Long-read genome sequencing finds autism-linked variants that short reads missed
Cell Genomics, March 2026
A substantial portion of autism's genetic basis remains unexplained. Researchers call it the "missing heritability" problem: twin studies and family analyses indicate that autism spectrum disorder (ASD) is highly heritable, but the genetic variants identified so far account for only a fraction of that heritability. The gap has persisted for years, and one reason may be that the standard tools for reading genomes have been missing entire categories of variation.
A new study from the University of California San Diego, published in Cell Genomics, suggests that a different sequencing approach can find what traditional methods overlook. Using long-read whole genome sequencing (LR-WGS) on 267 genomes from families with autism, the researchers discovered genetic variants that had been invisible to conventional short-read technology.
Why read length matters
Standard genome sequencing works by breaking DNA into short fragments, reading each fragment, and computationally assembling the results. This approach, called short-read sequencing, reads pieces roughly 150 to 300 base pairs long. It works well for identifying single-letter changes in the genetic code (point mutations) but struggles with larger structural changes: deletions, duplications, inversions, and complex rearrangements that span thousands of base pairs.
Long-read sequencing reads much larger stretches of DNA at once, sometimes tens of thousands of base pairs in a single read. This makes it far easier to detect structural variants and tandem repeats, sections of DNA where a short sequence is repeated multiple times in a row. Both types of variation can disrupt gene function, and both are poorly captured by short reads.
The UC San Diego team found that LR-WGS enhanced the discovery of gene-disrupting structural variants by 33% and tandem repeats by 38% compared to short-read sequencing of the same genomes. Some of the newly discovered mutations were complex rearrangements that affected multiple genes simultaneously, a type of variation that short reads often cannot resolve at all.

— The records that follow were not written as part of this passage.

text \<open>An edge of a component that is not reversible closes up with a directed path back
  to a directed cycle of length at least 3.\<close>

lemma directed_cycle_through_oneway_edge:
  assumes C: "C \<in> components E" and ab: "a \<in> C" "b \<in> C" "(a, b) \<in> E" "(b, a) \<notin> E"
  obtains d M where "cycle_seq d M" "steps_in E d" "range d \<subseteq> C" "d (int M - 1) = a" "d (int M) = b"
proof -
  obtain ps where ps: "distinct ps" "ps \<noteq> []" "hd ps = b" "last ps = a" "is_walk E ps"
    using component_reach[OF C ab(2,1)] by (rule rtrancl_imp_simple_walk)
  have "length ps \<ge> 3"
  proof (rule ccontr)
    assume "\<not> length ps \<ge> 3"
    moreover have "length ps \<noteq> 1" "length ps \<noteq> 0" using ps ab by (cases ps; auto)+
    ultimately obtain u v where "ps = [u, v]"
      by (cases ps; cases "tl ps"; cases "tl (tl ps)") auto
    then show False using ps ab(4) by (simp add: is_walk_Cons2)
  qed
  then have "cycle_seq (cyclic_nth ps) (length ps)" using ps(1) by (rule cycle_seq_cyclic_nth[rotated])
  moreover have "steps_in E (cyclic_nth ps)" using ps ab(3) by (intro steps_in_cyclic_nth) auto
  moreover have "range (cyclic_nth ps) \<subseteq> C"
  proof -
    have "set ps \<subseteq> comp_rel E `` {b}"
      using closed_walk_in_component[OF ps(5,2)] ps ab(3) by auto
    moreover have "comp_rel E `` {b} = C" using component_eq_Image[OF C ab(2)] by simp
    ultimately show ?thesis using cyclic_nth_in_set[OF ps(2)] by blast
  qed
  moreover have "cyclic_nth ps (int (length ps) - 1) = a"
  proof -
    have "cyclic_nth ps (int (length ps) - 1) = cyclic_nth ps (int (length ps - 1))"
      using ps(2) by (cases ps) auto
    also have "\<dots> = ps ! (length ps - 1)" using ps(2) by (intro cyclic_nth_of_nat) simp
    finally show ?thesis using ps(2,4) by (simp add: last_conv_nth)
  qed
  moreover have "cyclic_nth ps (int (length ps)) = b"
    using ps(2,3) by (simp add: cyclic_nth_def hd_conv_nth)
  ultimately show ?thesis by (rule that)
qed

lemma cycle_list_imp_directed_cycle:
  assumes C: "C \<in> components E" and xs: "cycle_list (und_adj E C) xs"
  obtains c L where "cycle_seq c L" "steps_in E c" "range c \<subseteq> C"
proof (cases "(\<forall>r. r + 1 < length xs \<longrightarrow> (xs ! r, xs ! (r + 1)) \<in> E) \<and> (last xs, hd xs) \<in> E")
  case True
  have "xs \<noteq> []" "distinct xs" "length xs \<ge> 3" using xs unfolding cycle_list_def by auto
  then have "cycle_seq (cyclic_nth xs) (length xs)" by (intro cycle_seq_cyclic_nth)
  moreover have "steps_in E (cyclic_nth xs)"
    using True \<open>xs \<noteq> []\<close> by (intro steps_in_cyclic_nth) (auto simp: is_walk_def)
  moreover have "range (cyclic_nth xs) \<subseteq> C"
    using cyclic_nth_in_set[OF \<open>xs \<noteq> []\<close>] cycle_list_in_component[OF xs] by blast
  ultimately show ?thesis by (rule that)
next
  case False
  then obtain a b where "und_adj E C a b" "(a, b) \<notin> E"
    using xs unfolding cycle_list_def by blast
  then have "b \<in> C" "a \<in> C" "(b, a) \<in> E" "(a, b) \<notin> E" unfolding und_adj_def by auto
  then obtain d M where "cycle_seq d M" "steps_in E d" "range d \<subseteq> C"
    using directed_cycle_through_oneway_edge[OF C] by blast
  then show ?thesis by (rule that)
qed

lemma conv_radius_pk_le_cycle:
  fixes E :: "('n::finite \<times> 'n) set"
  assumes wpos: "\<forall>e\<in>E. w e > 0" and c: "cycle_seq c L" "steps_in E c"
  shows "conv_radius (pk E w) \<le> ereal (1 / sigma_min E w)"
proof -
  have L: "L > 0" using cycle_seq_length[OF c(1)] by simp
  have "conv_radius (pk E w) \<le> ereal (1 / (root L 1 * sigma_min E w))"
  proof (rule conv_radius_pk_le_of_closed_walks[OF wpos L order_refl])
    fix m :: nat
    have "cycle_walk c 0 (m * L) \<in> {vs. length vs = m * L + 1 \<and> nb_walk E vs \<and> hd vs = c 0 \<and> last vs = c 0}"
      using nb_walk_cycle_walk[OF c] cycle_seq_eq_iff[OF c(1), of "int (m * L)" 0] by simp
    then show "\<exists>v T. T \<subseteq> {vs. length vs = m * L + 1 \<and> nb_walk E vs \<and> hd vs = v \<and> last vs = v}
        \<and> 1 ^ m \<le> real (card T)"
      by (intro exI[of _ "c 0"] exI[of _ "{cycle_walk c 0 (m * L)}"]) simp
  qed
  then show ?thesis using L by simp
qed

section \<open>Branching closed walks\<close>

definition closed_nb_walk :: "('n \<times> 'n) set \<Rightarrow> 'n \<Rightarrow> 'n list \<Rightarrow> bool" where
  "closed_nb_walk E v X \<longleftrightarrow> nb_walk E X \<and> hd X = v \<and> last X = v \<and> length X \<ge> 2"

text \<open>\<open>X ! 1\<close> is the first and \<open>X ! (length X - 2)\<close> the last vertex of a closed walk \<open>X\<close>
  after and before its base point; \<open>X @ tl Y\<close> is non-backtracking iff they differ.\<close>

lemma closed_nb_walk_append:
  assumes X: "closed_nb_walk E v X" and Y: "closed_nb_walk E v Y"
    and XY: "X ! (length X - 2) \<noteq> Y ! 1"
  shows "closed_nb_walk E v (X @ tl Y)"
  using assms append_tl_nth_simps[of X Y] nb_walk_append[of E X Y]
  unfolding closed_nb_walk_def by auto

definition gluable :: "('n \<times> 'n) set \<Rightarrow> 'n \<Rightarrow> 'n list set \<Rightarrow> bool" where
  "gluable E v F \<longleftrightarrow> (\<forall>B\<in>F. closed_nb_walk E v B) \<and> (\<forall>B\<in>F. \<forall>B'\<in>F. B ! (length B - 2) \<noteq> B' ! 1)"

fun concat_walks :: "'n \<Rightarrow> 'n list list \<Rightarrow> 'n list" where
  "concat_walks v [] = [v]"
| "concat_walks v (B # Bs) = B @ tl (concat_walks v Bs)"

lemma concat_walks_gluable:
  assumes F: "gluable E v F" and "set Bs \<subseteq> F" "Bs \<noteq> []"
  shows "closed_nb_walk E v (concat_walks v Bs) \<and> concat_walks v Bs ! 1 = hd Bs ! 1
    \<and> concat_walks v Bs ! (length (concat_walks v Bs) - 2) = last Bs ! (length (last Bs) - 2)"
  using assms(2,3)
proof (induction Bs)
  case (Cons B Bs)
  have B: "closed_nb_walk E v B" using F Cons.prems unfolding gluable_def by simp
  show ?case
  proof (cases "Bs = []")
    case True
    then show ?thesis using B by (simp add: closed_nb_walk_def)
  next
    case False
    then have R: "closed_nb_walk E v (concat_walks v Bs)"
      and R1: "concat_walks v Bs ! 1 = hd Bs ! 1"
      and R2: "concat_walks v Bs ! (length (concat_walks v Bs) - 2) = last Bs ! (length (last Bs) - 2)"
      using Cons by auto
    have "B ! (length B - 2) \<noteq> hd Bs ! 1"
      using F Cons.prems False unfolding gluable_def by (cases Bs) auto
    then have "B ! (length B - 2) \<noteq> concat_walks v Bs ! 1" using R1 by simp
    then show ?thesis
      using closed_nb_walk_append[OF B R] append_tl_nth_simps[of B "concat_walks v Bs"] R2 B R
        False unfolding closed_nb_walk_def by auto
  qed
qed simp

lemma length_concat_walks:
  "(\<forall>B\<in>set Bs. B \<noteq> []) \<Longrightarrow> length (concat_walks v Bs) = 1 + (\<Sum>B\<leftarrow>Bs. length B - 1)"
  by (induction Bs) auto

lemma length_concat_walks_replicate:
  "B \<noteq> [] \<Longrightarrow> length (concat_walks v (replicate n B)) = n * (length B - 1) + 1"
  using length_concat_walks[of "replicate n B" v] by (simp add: sum_list_replicate)

lemma concat_walks_nth_length:
  assumes F: "gluable E v F" and Bs: "set (B # Bs) \<subseteq> F" "Bs \<noteq> []"
  shows "concat_walks v (B # Bs) ! length B = hd Bs ! 1"
proof -
  have R: "closed_nb_walk E v (concat_walks v Bs)" "concat_walks v Bs ! 1 = hd Bs ! 1"
    using concat_walks_gluable[OF F _ Bs(2)] Bs(1) by auto
  have "closed_nb_walk E v B" using F Bs(1) unfolding gluable_def by simp
  then show ?thesis
    using R append_tl_nth_simps(3)[of B "concat_walks v Bs"] unfolding closed_nb_walk_def by simp
qed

Methylation data as a bonus
One advantage of long-read technology that the study exploited is its ability to detect DNA methylation, small chemical modifications that regulate gene activity, simultaneously with sequence information. This dual readout allowed the researchers to determine not just which genes were mutated but how those mutations affected gene function.
In some cases, a structural variant might disrupt a gene's coding sequence. In others, it might alter regulatory regions that control when and where the gene is expressed. By pairing sequence data with methylation data, the team could distinguish between these scenarios, providing a more complete picture of how each variant might contribute to autism.
Scale and its limitations
At 267 genomes, this is the largest study of its kind to date for autism. But senior author Jonathan Sebat, professor of psychiatry and cellular and molecular medicine at UC San Diego, acknowledged that even larger studies will be needed to estimate precisely how much of the missing heritability can be explained by variants that long reads detect.
Sebat hypothesizes that LR-WGS could double the amount of heritability explained by certain types of variants, such as tandem repeats and structural variants. But that estimate remains speculative until replicated in substantially larger cohorts. The cost of long-read sequencing, while declining, remains higher than short-read approaches, which limits the pace at which these larger studies can be conducted.
The study also focuses on rare variants, mutations found in individual families rather than common across the population. Rare variants have been a productive area of autism genetics, but they explain only a portion of overall heritability. Common variants, best studied through genome-wide association studies, represent another major piece of the puzzle that long-read sequencing does not directly address.
Clinical potential, with patience
The practical implications point in two directions. For diagnostics, long-read sequencing could identify genetic causes of autism in individuals whose standard genetic testing came back negative. For therapeutics, understanding the specific genetic mechanisms disrupted in each patient could eventually enable targeted treatments.
Both applications remain future possibilities rather than current realities. Translating genetic discoveries into diagnostic tools requires validation across diverse populations, and targeted therapies for specific genetic subtypes of autism are still in early development. But the study establishes that a meaningful amount of genetic information relevant to autism has been hiding in plain sight, missed not because it was not there but because the tools were not designed to see it.